Different cooking methods affect the phenolic contents of potatoes [97]. A significant loss in phenolic contents of peeled and unpeeled potatoes was observed during boiling and baking. Furthermore, boiling caused loss of protocatechuic and caffeoylquinic acids of peeled potatoes by 86 and 26%, respectively. In addition, microwave cooking resulted in loss of 50 to 83% of protocatechuic acid and 27 to 64% of caffeoylquinic acids in peeled potatoes. Interestingly the losses were reported to be lower in unpeeled potatoes than those in peeled potatoes [97]. The reported losses in phenolic contents could be due to a combination of degradation caused by leaching into water, heat, and polyphenol oxidation [10, 98]. Potatoes cooked with peel had a high amount of total phenolics in the cortex and internal tissues [99]. This has been attributed to the migration of phenolics from the peel into both cortex and internal tissues of the tuber [10]. Navarre et al. [100] also showed the effects of cooking (microwave cooking, boiling, and steaming) on the phenolic contents of potatoes and the results showed that none of these methods decreased the content of chlorogenic, cryptochlorogenic, and neochlorogenic acids. Furthermore, it was found that flavonols (rutin) remained during cooking; however, there was an increase in phenolic contents of stir-fried potatoes. Different processing methods decreased the anthocyanin content due to the effect of high temperature, enzyme activity, change in pH, and presence of metallic ions and proteins [101, 102]. Another study showed that anthocyanin content in raw potatoes was higher than that of potato chips and French fries which were processed by deep frying [103].

Fang et al. [103] identified the major phenolic compounds in Chinese purple yam and their changes during vacuum frying (Table 4). They demonstrated that 40 and 63% of anthocyanin remained after blanching and vacuum frying, respectively [103]. Furthermore, hydroxycinnamic acids, namely, sinapic acids and ferulic acids, showed higher stability than that of anthocyanins and freezing did not influence the phenolic contents due to short freezing time of 20 hours [103].

Table 4: Content of phenolic compounds during various processing methods of purple yam (Dioscorea alata).

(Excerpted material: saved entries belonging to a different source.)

lemma G_delta_in_Int:
  assumes "G_delta_in T G" and "G_delta_in T H"
  shows "G_delta_in T (G \<inter> H)"
proof -
  obtain U V :: "nat \<Rightarrow> 'a set"
    where U: "\<And>n. openin T (U n)" "G = (\<Inter>n. U n)"
      and V: "\<And>n. openin T (V n)" "H = (\<Inter>n. V n)"
    using assms unfolding G_delta_in_def by blast
  have "G \<inter> H = (\<Inter>n. U n \<inter> V n)"
    unfolding U(2) V(2) by blast
  also have "G_delta_in T \<dots>"
    using U(1) V(1) by (intro G_delta_inI openin_Int)
  finally show ?thesis .
qed

lemma G_delta_in_cantor_top_Compl_countable:
  assumes "countable D" shows "G_delta_in cantor_top (- D)"
proof (cases "D = {}")
  case True
  have "G_delta_in cantor_top (\<Inter>n::nat. UNIV)"
    using openin_topspace[of cantor_top] by (intro G_delta_inI) (simp add: topspace_cantor_top)
  then show ?thesis
    using True by simp
next
  case False
  have "t1_space cantor_top"
    unfolding cantor_top_def
    by (simp add: t1_space_product_topology Hausdorff_imp_t1_space)
  then have "openin cantor_top (- {from_nat_into D n})" for n
    using t1_space_openin_delete_alt openin_topspace[of cantor_top]
    by (metis Compl_eq_Diff_UNIV topspace_cantor_top)
  then have "G_delta_in cantor_top (\<Inter>n. - {from_nat_into D n})"
    by (rule G_delta_inI)
  moreover have "- D = (\<Inter>n. - {from_nat_into D n})"
    using range_from_nat_into[OF False assms] by auto
  ultimately show ?thesis
    by simp
qed

lemma G_delta_in_cantor_top_bounded_traces:
  assumes "\<And>k. infinite (e k)"
  obtains G where "G_delta_in cantor_top G" "\<And>k. chi (e k) \<in> G"
    "\<And>n B. bounded_traces e n B \<Longrightarrow> chi B \<notin> G"
proof
  define U where
    "U n = (\<Union>k. \<Union>F\<in>{F. finite F \<and> F \<subseteq> e k \<and> k + n \<le> card F}. {y. \<forall>j\<in>F. y j})" for n
  have "openin cantor_top (U n)" for n
    unfolding U_def by (auto intro!: openin_Union openin_cantor_top_finite_true)
  then show "G_delta_in cantor_top (\<Inter>n. U n)"
    by (rule G_delta_inI)
  show "chi (e k) \<in> (\<Inter>n. U n)" for k
  proof
    fix n
    obtain F where F: "F \<subseteq> e k" "finite F" "card F = k + n"
      using infinite_arbitrarily_large[OF assms] by blast
    moreover have "chi (e k) \<in> {y. \<forall>j\<in>F. y j}"
      using F(1) by (auto simp: chi_def)
    ultimately show "chi (e k) \<in> U n"
      unfolding U_def by (intro UN_I[of k] UN_I[of F]) auto
  qed
  show "chi B \<notin> (\<Inter>n. U n)" if "bounded_traces e n B" for n B
  proof
    assume "chi B \<in> (\<Inter>n. U n)"
    then have "chi B \<in> U n"
      by blast
    then obtain k F where F: "finite F" "F \<subseteq> e k" "k + n \<le> card F" "\<forall>j\<in>F. chi B j"
      unfolding U_def by blast
    then have "F \<subseteq> B \<inter> e k"
      by (auto simp: chi_def)
    have "finite (B \<inter> e k)" "card (B \<inter> e k) < k + n"
      using that unfolding bounded_traces_def by auto
    then show False
      using F \<open>F \<subseteq> B \<inter> e k\<close> card_mono[of "B \<inter> e k" F] by auto
  qed
qed

lemma cantor_top_open_superset_finite_has_gap:
  assumes "openin cantor_top U" and "chi ` {A. finite A} \<subseteq> U"
  obtains f where "\<And>A. has_gap f A \<Longrightarrow> chi A \<in> U"
proof -
  have "\<exists>N. \<forall>y. (\<forall>j<N. y j = chi x j) \<longrightarrow> y \<in> U" if "finite x" for x
    using openin_cantor_top_basic_nbhd[OF assms(1), of "chi x"] assms(2) that by blast
  then obtain N where N: "\<And>x y. finite x \<Longrightarrow> \<forall>j<N x. y j = chi x j \<Longrightarrow> y \<in> U"
    by metis
  define f where "f p = Max (N ` Pow {..p})" for p
  have "chi A \<in> U" if gap: "has_gap f A" for A
  proof -
    obtain p where p: "p \<in> A" "\<And>m. p < m \<Longrightarrow> m < f p \<Longrightarrow> m \<notin> A"
      using gap unfolding has_gap_def by auto
    have "N (A \<inter> {..p}) \<le> f p"
      unfolding f_def by (intro Max_ge) auto
    then have "\<forall>j<N (A \<inter> {..p}). chi A j = chi (A \<inter> {..p}) j"
      using p(2) by (auto simp: chi_def) (metis leI less_le_trans)
    then show ?thesis
      using N[of "A \<inter> {..p}"] by simp
  qed
  then show ?thesis
    using that by blast
qed

locale omega1_order =
  fixes W :: "nat set rel"
  assumes Well_order_W: "Well_order W"
    and Field_W: "Field W = UNIV"
    and countable_underS: "countable (underS W Z)"
begin

lemma wf_W: "wf (W - Id)"
  using Well_order_W by (simp add: well_order_on_def)

lemma W_refl: "(Z, Z) \<in> W"
  using Well_order_W Field_W by (simp add: order_on_defs refl_on_def)

lemma underS_mono: "(X, Z) \<in> W \<Longrightarrow> underS W X \<subseteq> underS W Z"
  using Well_order_W by (intro underS_incr) (simp_all add: order_on_defs)

lemma mem_W_if_notin_underS: "Z \<notin> underS W X \<Longrightarrow> (X, Z) \<in> W"
  using wo_rel.TOTALS[of W] Well_order_W Field_W W_refl
  by (auto simp: wo_rel_def underS_def)

lemma countable_under: "countable (under W Z)"
proof -
  have "under W Z \<subseteq> insert Z (underS W Z)"
    by (auto simp: under_def underS_def)
  moreover have "countable (insert Z (underS W Z))"
    using countable_underS by simp
  ultimately show ?thesis
    by (rule countable_subset)
qed

lemma countable_subset_underS:
  assumes "countable I" obtains X where "I \<subseteq> underS W X"
proof -
  have "countable (\<Union>Z\<in>I. under W Z)"
    by (intro countable_UN assms countable_under)
  then obtain X where "X \<notin> (\<Union>Z\<in>I. under W Z)"
    using uncountable_UNIV_nat_set by (metis UNIV_eq_I)
  then have "I \<subseteq> underS W X"
    using mem_W_if_notin_underS unfolding under_def by blast
  then show ?thesis
    using that by blast
qed

definition family_before :: "(nat set \<Rightarrow> nat set) \<Rightarrow> nat set \<Rightarrow> nat set set" where
  "family_before h Z = range column \<union> h ` underS W Z"

definition enum_before :: "(nat set \<Rightarrow> nat set) \<Rightarrow> nat set \<Rightarrow> nat \<Rightarrow> nat set" where
  "enum_before h X = from_nat_into (family_before h X)"

definition ambient :: "(nat set \<Rightarrow> nat set) \<Rightarrow> nat set \<Rightarrow> nat set" where
  "ambient h Z = (if infinite Z \<and> (\<forall>e\<in>family_before h Z. finite (Z \<inter> e)) then Z else UNIV)"

definition admissible :: "(nat set \<Rightarrow> nat set) \<Rightarrow> nat set \<Rightarrow> nat set \<Rightarrow> bool" where
  "admissible h Z A \<longleftrightarrow> infinite A \<and> A \<subseteq> ambient h Z \<and>
     (\<forall>X. (X, Z) \<in> W \<longrightarrow>
        (\<exists>n. bounded_traces (enum_before h X) n A) \<and> has_gap (fun_of_set X) A)"

lemma family_before_mono: "(X, Z) \<in> W \<Longrightarrow> family_before h X \<subseteq> family_before h Z"
  unfolding family_before_def using underS_mono[of X Z] by blast

lemma countable_family_before: "countable (family_before h X)"
  unfolding family_before_def by (intro countable_Un countable_image countableI_type countable_underS)

lemma range_enum_before: "range (enum_before h X) = family_before h X"
  unfolding enum_before_def
  by (rule range_from_nat_into[OF _ countable_family_before]) (simp add: family_before_def)

lemma family_before_cong:
  "(\<And>Y. Y \<in> underS W Z \<Longrightarrow> f Y = g Y) \<Longrightarrow> family_before f Z = family_before g Z"
  unfolding family_before_def by (simp cong: image_cong)

lemma admissible_cong:
  assumes "\<And>Y. Y \<in> underS W Z \<Longrightarrow> f Y = g Y"
  shows "admissible f Z = admissible g Z"
proof -
  have "family_before f X = family_before g X" if "(X, Z) \<in> W" for X
    using assms underS_mono[OF that] by (intro family_before_cong) blast
  then have "enum_before f X = enum_before g X" if "(X, Z) \<in> W" for X
    using that by (simp add: enum_before_def)
  moreover have "ambient f Z = ambient g Z"
    using family_before_cong[OF assms] by (simp add: ambient_def)
  ultimately show ?thesis
    unfolding admissible_def by (intro ext) simp
qed

lemma admissible_imp_almost_disjoint:
  assumes "admissible h Z A" and "e \<in> family_before h Z"
  shows "finite (A \<inter> e)"
proof -
  obtain k where "e = enum_before h Z k"
    using assms(2) range_enum_before by blast
  moreover obtain n where "bounded_traces (enum_before h Z) n A"
    using assms(1) W_refl unfolding admissible_def by blast
  ultimately show ?thesis
    unfolding bounded_traces_def by blast
qed

lemma infinite_ambient_Diff_Union:
  assumes IH: "\<And>Y. Y \<in> underS W Z \<Longrightarrow> admissible h Y (h Y)"
    and F: "finite F" "F \<subseteq> family_before h Z"
  shows "infinite (ambient h Z - \<Union>F)"
proof (cases "infinite Z \<and> (\<forall>e\<in>family_before h Z. finite (Z \<inter> e))")
  case True
  then have "infinite (Z - \<Union>F)"
    using F by (intro infinite_Diff_Union_almost_disjoint) auto
  then show ?thesis
    using True by (simp add: ambient_def)
next
  case False
  have "\<not> range column \<subseteq> F"
    using infinite_range_column F(1) finite_subset by blast
  then obtain m where m: "column m \<notin> F"
    by blast
  have "finite (column m \<inter> e)" if "e \<in> F" for e
  proof -
    consider k where "e = column k" "k \<noteq> m" | Y where "Y \<in> underS W Z" "e = h Y"
      using F(2) \<open>e \<in> F\<close> m unfolding family_before_def by blast
    then show ?thesis
    proof cases
      case 1
      then show ?thesis
        using disjoint_column[of m k] by simp
    next
      case 2
      have "column m \<in> family_before h Y"
        unfolding family_before_def by blast
      then show ?thesis
        using admissible_imp_almost_disjoint[OF IH[OF 2(1)]] 2(2) by (simp add: Int_commute)
    qed
  qed
  then have "infinite (column m - \<Union>F)"
    using infinite_Diff_Union_almost_disjoint[OF infinite_column F(1)] by blast
  moreover have "ambient h Z = UNIV"
    unfolding ambient_def using False by (rule if_not_P)
  then have "column m - \<Union>F \<subseteq> ambient h Z - \<Union>F"
    by blast
  ultimately show ?thesis
    using infinite_super by blast
qed

lemma exists_admissible:
  assumes IH: "\<And>Y. Y \<in> underS W Z \<Longrightarrow> admissible h Y (h Y)"
  shows "\<exists>A. admissible h Z A"
proof -
  define X where "X = from_nat_into (under W Z)"
  have "under W Z \<noteq> {}"
    using W_refl by (auto simp: under_def)
  then have "X j \<in> under W Z" for j
    unfolding X_def by (rule from_nat_into)
  then have X_le: "(X j, Z) \<in> W" for j
    by (simp add: under_def)
  have X_onto: "\<exists>j. X j = X'" if "(X', Z) \<in> W" for X'
    unfolding X_def using that by (intro from_nat_into_surj countable_under) (simp add: under_def)
  define D where "D j = enum_before h (X j)" for j
  have D_before: "D j k \<in> family_before h Z" for j k
    using range_enum_before family_before_mono[OF X_le] unfolding D_def by blast
  have "infinite (ambient h Z - (\<Union>j\<le>i. \<Union>k\<le>i. D j k))" for i
  proof -
    let ?F = "(\<lambda>(j, k). D j k) ` ({..i} \<times> {..i})"
    have "infinite (ambient h Z - \<Union>?F)"
      using D_before by (intro infinite_ambient_Diff_Union[OF IH]) auto
    moreover have "\<Union>?F = (\<Union>j\<le>i. \<Union>k\<le>i. D j k)"
      by auto
    ultimately show ?thesis
      by simp
  qed
  then obtain A where A: "infinite A" "A \<subseteq> ambient h Z"
    "\<And>j. bounded_traces (D j) (Suc j) A" "\<And>j. has_gap (fun_of_set (X j)) A"
    by (rule exists_bounded_traces_has_gap[where g = "\<lambda>j. fun_of_set (X j)"]) blast
  have "(\<exists>n. bounded_traces (enum_before h X') n A) \<and> has_gap (fun_of_set X') A"
    if "(X', Z) \<in> W" for X'
    using X_onto[OF that] A(3,4) unfolding D_def by blast
  then have "admissible h Z A"
    using A(1,2) by (simp add: admissible_def)
  then show ?thesis ..
qed

definition mad_seq :: "nat set \<Rightarrow> nat set" where
  "mad_seq = wfrec (W - Id) (\<lambda>h Z. SOME A. admissible h Z A)"

definition mad_family :: "nat set set" where
  "mad_family = range column \<union> range mad_seq"

lemma admissible_mad_seq: "admissible mad_seq Z (mad_seq Z)"
  unfolding mad_seq_def
proof (rule wfrec_SOME_invariant[OF wf_W])
  show "admissible f Z = admissible g Z" if "\<And>Y. (Y, Z) \<in> W - Id \<Longrightarrow> f Y = g Y" for f g Z
    using that by (intro admissible_cong) (simp add: underS_def)
  show "\<exists>A. admissible f Z A" if "\<And>Y. (Y, Z) \<in> W - Id \<Longrightarrow> admissible f Y (f Y)" for f Z
    using that by (intro exists_admissible) (simp add: underS_def)
qed

lemma mad_family_cases:
  assumes "A \<in> mad_family"
  obtains "A \<in> family_before mad_seq X" | Z where "(X, Z) \<in> W" "A = mad_seq Z"
proof -
  consider k where "A = column k" | Z where "A = mad_seq Z"
    using assms unfolding mad_family_def by blast
  then show ?thesis
  proof cases
    case (2 Z)
    then show ?thesis
      using that mem_W_if_notin_underS[of Z X] unfolding family_before_def by blast
  qed (use that in \<open>simp add: family_before_def\<close>)
qed

lemma family_before_subset_mad_family: "family_before mad_seq X \<subseteq> mad_family"
  unfolding family_before_def mad_family_def by blast

lemma infinite_mem_mad_family: "A \<in> mad_family \<Longrightarrow> infinite A"
  using admissible_mad_seq infinite_column unfolding mad_family_def admissible_def by blast

lemma almost_disjoint_mad_seq:
  assumes "B \<in> mad_family" and "B \<noteq> mad_seq Z"
  shows "finite (mad_seq Z \<inter> B)"
  using assms(1)
proof (cases rule: mad_family_cases[where X = Z])
  case 1
  then show ?thesis
    by (rule admissible_imp_almost_disjoint[OF admissible_mad_seq])
next
  case (2 Z')
  then have "mad_seq Z \<in> family_before mad_seq Z'"
    using assms(2) unfolding family_before_def underS_def by blast
  then have "finite (mad_seq Z' \<inter> mad_seq Z)"
    by (rule admissible_imp_almost_disjoint[OF admissible_mad_seq])
  then show ?thesis
    using 2(2) by (simp add: Int_commute)
qed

Different dehydration methods used to produce yam flours could affect their antioxidant activities [104]. Freeze-dried yam flours had the strongest DPPH radical scavenging activities compared to tjose of hot air-dried or drum-dried yam flours. Chen and Lin [52] also reported the negative impact of temperature on the content of phenolic compounds and dioscorin and antioxidant activities of yam cultivars. Chen et al. [104] further showed the effect of pH on phenolic contents, antioxidant activity, and stability of dioscorin in various yam tubers. The TPC observed of yam varieties were the highest at pH 5 and gradual decrease was observed with increased pH. The DPPH radical scavenging activity showed a similar pattern to those of phenolic contents of yams at pH 5, but ferrous ion chelating capacity was found to be high for all yams at pH 8 [104].

5. Conclusions

Roots and tubers are important diet components for humans and add variety to it. In addition to the main role as an energy contributor, they provide a number of desirable nutritional and health benefits such as antioxidative, hypoglycemic, hypocholesterolemic, antimicrobial, and immunomodulatory activities. A variety of foods can be prepared using tubers and type and usage vary with the country and region. Processing affects the bioactivities of constituent compounds. Tubers may serve as functional foods and nutraceutical ingredients to attenuate noncommunicable chronic diseases and to maintain wellness.

Competing Interests

The authors declare that they have no competing interests.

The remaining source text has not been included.